At first I thought that I could solve the problem of that filthy atmosphere with just filters. But after a honourable ammount of investing time, I just realized, that I have to elimate or reduce the noises significantly in order to increase contrast of foreground and background. I'd tried a lot of methods, like histogram equalization, Otsu-adaptive equalization, linear filters (e.g. gauss), nonlinear filters (median, diffusion), Active Contours, k-Means, Fuzzy-c-means and also Canny for pure Edge Detection in combination with morphological operators.
- Canny: The particles and the atmosphere are causing holes, but I need a complete contour of the object. Still with closing, dilatating of morphological operators it is not well enough. Canny has still the best results of all methods I've studied because of hysteresis.
- Active Contours: They work on edges/gradients as well, they act completely crazy after initializing inside the object, which maybe is caused by the edge map resulting the 'open' object.
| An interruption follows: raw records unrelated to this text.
text \<open>The key computation: for \<open>i \<ge> 2\<close>, \<open>ad(E_i)(z_j)\<close> is null unless \<open>i = j + 1\<close>, in which
  case it is \<open>-q z_i\<close>.\<close>

lemma adQ_E_z:
  assumes q: "q \<noteq> 0" and s: "q + inverse q \<noteq> 0"
    and i: "2 \<le> i" "i \<le> m" and j: "1 \<le> j" "j \<le> m"
  shows "adQ m (Gen (E i)) (zQ m q j) \<in> UcmQ m q"
proof -
  let ?z = "zQ m q j" and ?e = "eQ i"
  have ad: "ueq m q (adQ m (Gen (E i)) ?z)
     (?e * ?z - sc (q powi ((if i = j + 1 then 1 else 0) - (if i = j then 1 else 0))) * (?z * ?e))"
    using adQ_E_weight[of i m q ?z "zweight j"] has_weight_z[OF q j] i
    by (simp add: ipr_wneg_alpha_zweight)
  consider "j + 1 < i" | "j + 1 = i" | "j = i" | "i + 1 \<le> j" by linarith
  then show ?thesis
  proof cases
    case 1
    then have "null m q (- (?z * ?e - ?e * ?z))" using z_comm_E_low[OF i(2)] j null_neg by blast
    then show ?thesis using ad 1 by (auto intro: UcmQ_ueq UcmQ_null)
  next
    case 2
    then have "zQ m q i = qcomm q ?z ?e" using zQ_Suc[of j m q] i j by simp
    then have "?e * ?z - sc q * (?z * ?e) = sc (- q) * zQ m q i" by (simp add: reversed_qcomm[OF q])
    then show ?thesis using ad 2 UcmQ_sc[OF UcmQ_z[of i m q]] i by (auto intro: UcmQ_ueq)
  next
    case 3
    obtain i' where i': "i = Suc i'" "1 \<le> i'" using i by (cases i) auto
    have z: "zQ m q i = qcomm q (zQ m q i') ?e" using i i' by (simp add: zQ_Suc)
    have "null m q (serre q (zQ m q i') ?e)" using z_serre[OF q, of i' m] i i' by simp
    moreover have "?e * ?z - sc (q powi (-1)) * (?z * ?e) = sc (- inverse q) * serre q (zQ m q i') ?e"
      using 3 by (simp add: z qcomm_twisted_comm[OF q] power_int_minus)
    ultimately show ?thesis using ad 3 by (auto intro: UcmQ_ueq UcmQ_null null_mult_left)
  next
    case 4
    then have "null m q (- (?z * ?e - ?e * ?z))" using z_comm_E_high[OF q s i(1)] j null_neg by blast
    then show ?thesis using ad 4 by (auto intro: UcmQ_ueq UcmQ_null)
  qed
qed

lemma adQ_E_UcmQ:
  fixes q :: "'k::field"
  assumes q: "q \<noteq> 0" and s: "q + inverse q \<noteq> 0" and i: "2 \<le> i" "i \<le> m" and V: "V \<in> UcmQ m q"
  shows "adQ m (Gen (E i)) V \<in> UcmQ m q"
proof (rule adQ_stable_UcmQ[OF _ V])
  have i1: "1 \<le> i" using i by simp
  fix v assume v: "v \<in> Ucm m q"
  show "adQ m (Gen (E i)) (abs_free v) \<in> UcmQ m q"
  proof (rule Ucm_induct_UcmQ[OF v])
    fix c
    have "adQ m (Gen (E i)) (sc c * 1 :: 'k free) = sc c * adQ m (Gen (E i)) 1" by (rule adQ_sc)
    also have "ueq m q \<dots> (sc c * 0)" by (intro ueq_sc adQ_E_one i1 i)
    finally show "adQ m (Gen (E i)) (sc c) \<in> UcmQ m q" using UcmQ_scal[of 0] by (auto intro: UcmQ_ueq)
  next
    fix j assume "1 \<le> j" "j \<le> m"
    then show "adQ m (Gen (E i)) (zQ m q j) \<in> UcmQ m q" by (rule adQ_E_z[OF q s i])
  next
    fix V W
    show "adQ m (Gen (E i)) V \<in> UcmQ m q \<Longrightarrow> adQ m (Gen (E i)) W \<in> UcmQ m q
        \<Longrightarrow> adQ m (Gen (E i)) (V + W) \<in> UcmQ m q"
      by (simp add: adQ_add UcmQ_add)
    assume "adQ m (Gen (E i)) V \<in> UcmQ m q" "adQ m (Gen (E i)) W \<in> UcmQ m q"
      and "V \<in> UcmQ m q" "W \<in> UcmQ m q"
    moreover have "adQ m (Gen (K (wneg (alpha i)))) V \<in> UcmQ m q"
      using adQ_K_UcmQ[OF q wneg_valid[OF alpha_valid[OF i1 i(2)]] \<open>V \<in> UcmQ m q\<close>] .
    ultimately show "adQ m (Gen (E i)) (V * W) \<in> UcmQ m q"
      using adQ_E_mul[OF i1 i(2), of q V W] by (meson UcmQ_add UcmQ_mul UcmQ_ueq)
  qed
qed

text \<open>Hence every \<open>ad(\<pi>_A(h))\<close>, \<open>h \<in> U_A^(\<ge>0)\<close>, preserves \<open>U_q^(c_m)\<close>; \<open>\<pi>_A\<close> kills \<open>E_1\<close>,
  the only generator that does not.\<close>

lemma adQ_piA_UcmQ:
  assumes q: "q \<noteq> 0" and s: "q + inverse q \<noteq> 0" and h: "h \<in> Uge m"
  shows "V \<in> UcmQ m q \<Longrightarrow> adQ m (piA h) V \<in> UcmQ m q"
  using h unfolding Uge_def
proof (induction h arbitrary: V rule: subalg.induct)
  case (scal c) then show ?case by (simp add: adQ_Scal UcmQ_sc)
next
  case (gen x)
  then consider (E) i where "x = Gen (E i)" "1 \<le> i" "i \<le> m"
    | (K) mu where "x = Gen (K mu)" "in_root_lattice m mu"
    by blast
  then show ?case
  proof cases
    case E then show ?thesis
      using adQ_E_UcmQ[OF q s _ _ gen.prems, of i] UcmQ_scal[of 0 m q]
      by (cases "i = 1") (auto simp: adQ_Scal)
  next
    case K then show ?thesis using adQ_K_UcmQ[OF q _ gen.prems] by simp
  qed
next
  case (add x y) then show ?case by (simp add: adQ_Add UcmQ_add)
next
  case (mul x y) then show ?case by (simp add: adQ_Mul)
qed

section \<open>The module-algebra axioms\<close>

text \<open>\<open>ad(\<pi>_A(h))(VW) = \<Sum> ad(\<pi>_A(h_(1)))(V) ad(\<pi>_A(h_(2)))(W)\<close>, by induction over \<open>h\<close>: the
  generators are the twisted Leibniz rules, and products follow from coassociativity of the
  formal coproduct of a product.\<close>

definition ma_term :: "nat \<Rightarrow> 'k::field free \<Rightarrow> 'k free \<Rightarrow> 'k \<times> 'k fexpr \<times> 'k fexpr \<Rightarrow> 'k free" where
  "ma_term m V W t = (case t of (c, h1, h2) \<Rightarrow> sc c * (adQ m (piA h1) V * adQ m (piA h2) W))"

lemma sum_list_swap:
  fixes f :: "'a \<Rightarrow> 'b \<Rightarrow> 'c::comm_monoid_add"
  shows "sum_list (map (\<lambda>y. sum_list (map (\<lambda>x. f x y) xs)) ys)
       = sum_list (map (\<lambda>x. sum_list (map (\<lambda>y. f x y) ys)) xs)"
proof (induction ys)
  case Nil then show ?case by (induction xs) simp_all
next
  case (Cons y ys) then show ?case
    by (simp add: sum_list_addf[of "\<lambda>x. f x y" "\<lambda>x. sum_list (map (f x) ys)" xs])
qed

lemma ma_identity_Mul:
  fixes q :: "'k::field"
  assumes IH_a: "\<And>V W. ueq m q (adQ m (piA a) (V * W)) (sum_list (map (ma_term m V W) (Delta m a)))"
    and IH_b: "\<And>V W. ueq m q (adQ m (piA b) (V * W)) (sum_list (map (ma_term m V W) (Delta m b)))"
  shows "ueq m q (adQ m (piA (Mul a b)) (V * W)) (sum_list (map (ma_term m V W) (Delta m (Mul a b))))"
proof -
  let ?A = "\<lambda>y U. adQ m (piA y) U"
  let ?G = "\<lambda>t1 t2. (case t1 of (c, x1, x2) \<Rightarrow> case t2 of (d, y1, y2) \<Rightarrow>
              sc (c * d) * (?A (Mul x1 y1) V * ?A (Mul x2 y2) W))"
  have "adQ m (piA (Mul a b)) (V * W) = ?A a (?A b (V * W))" by (simp add: adQ_Mul)
  also have "ueq m q \<dots> (?A a (sum_list (map (ma_term m V W) (Delta m b))))"
    using IH_b by (rule adQ_cong)
  also have "\<dots> = sum_list (map (\<lambda>t2. ?A a (ma_term m V W t2)) (Delta m b))"
    by (rule adQ_sum)
  also have "ueq m q \<dots> (sum_list (map (\<lambda>t2. sum_list (map (\<lambda>t1. ?G t1 t2) (Delta m a))) (Delta m b)))"
  proof (rule ueq_sum_list)
    fix t2 assume "t2 \<in> set (Delta m b)"
    obtain d y1 y2 where t2: "t2 = (d, y1, y2)" by (cases t2) auto
    have "?A a (ma_term m V W t2) = sc d * ?A a (?A y1 V * ?A y2 W)"
      by (simp add: t2 ma_term_def adQ_sc)
    also have "ueq m q \<dots> (sc d * sum_list (map (ma_term m (?A y1 V) (?A y2 W)) (Delta m a)))"
      using IH_a by (rule ueq_sc)
    also have "\<dots> = sum_list (map (\<lambda>t1. ?G t1 t2) (Delta m a))"
      unfolding sum_list_const_mult[symmetric]
      by (rule arg_cong[where f = sum_list], rule map_cong[OF HOL.refl])
         (auto simp: ma_term_def t2 adQ_Mul sc_mult mult.assoc sc_sc_comm)
    finally show "ueq m q (?A a (ma_term m V W t2)) (sum_list (map (\<lambda>t1. ?G t1 t2) (Delta m a)))" .
  qed
  also have "\<dots> = sum_list (map (\<lambda>t1. sum_list (map (\<lambda>t2. ?G t1 t2) (Delta m b))) (Delta m a))"
    by (rule sum_list_swap)
  also have "\<dots> = sum_list (map (ma_term m V W) (Delta m (Mul a b)))"
    by (simp add: sum_list_concat_map map_map o_def ma_term_def case_prod_unfold)
  finally show ?thesis .
qed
As far as I know the contour has to be closed. Tried it with different derivates (GVF/VFC/Classic Snake).
- k-Means: Results include the furnace atmosphere, because of foggy background. Same for fuzzy-c-means. I chose two clusters, because of separating the object from the background. More clusters lead to weaker results.
- Histogram/Otsu: Because of the very close gray intensities (imho!), it's merging the object with the background. Tried it with local and global methods.
- Filters: Especially GLPF or other LPF are smearing the edges, which is not so good and doesn't even reduce the foggy atmosphere.
- Non-Linear Filters are preserving the edges. Most of them take too long for calculating the large images. Took a fast bilateral filter for now. Results see below.
Therefore not a single method is good enough for post-processing steps, because the gained results of the object segment are poor competed to an existing algorithm. That existing algorithm is very local and therefore it works for this very special scenario.
So I am asking you, if I have missed something completely... I have no further idea how to process and how I should get good contour results, without having gaps or holes.. Is it possible without making a lot of changes on the CCD and the physical environment? Thanks in advance!
Last Approach so far (after a long night of experiments with MOs):
- Bilateral Filter (edge preserving, but smoothing homogenous areas)
- Canny (Sigma = 2, Threshold = [0.04 0.08])
- Morphological Operations (MO):
bwareopen
,closing
,remove
&bridge
bwlabel
for selecting only the perimeter of the contour, which removes unwanted noises. no updated screenshots yet, but it works for the star. the glass gots an inner-contour which is connected to the outter contour, which can also be seen on the screenshot below.
So I'm afraid that I need a special algorithm for the traversal of the outter contour. It will be some clockwise/counterclockwise lookup of neighbourhood. That clockwise/counterclockwise step can switch, if there is a corner point. if there is a gap, increase the radius and look again. if there are two or more possible following points, take the one who got the same direction as the previous. Do you think, that contour following algorithm makes sense?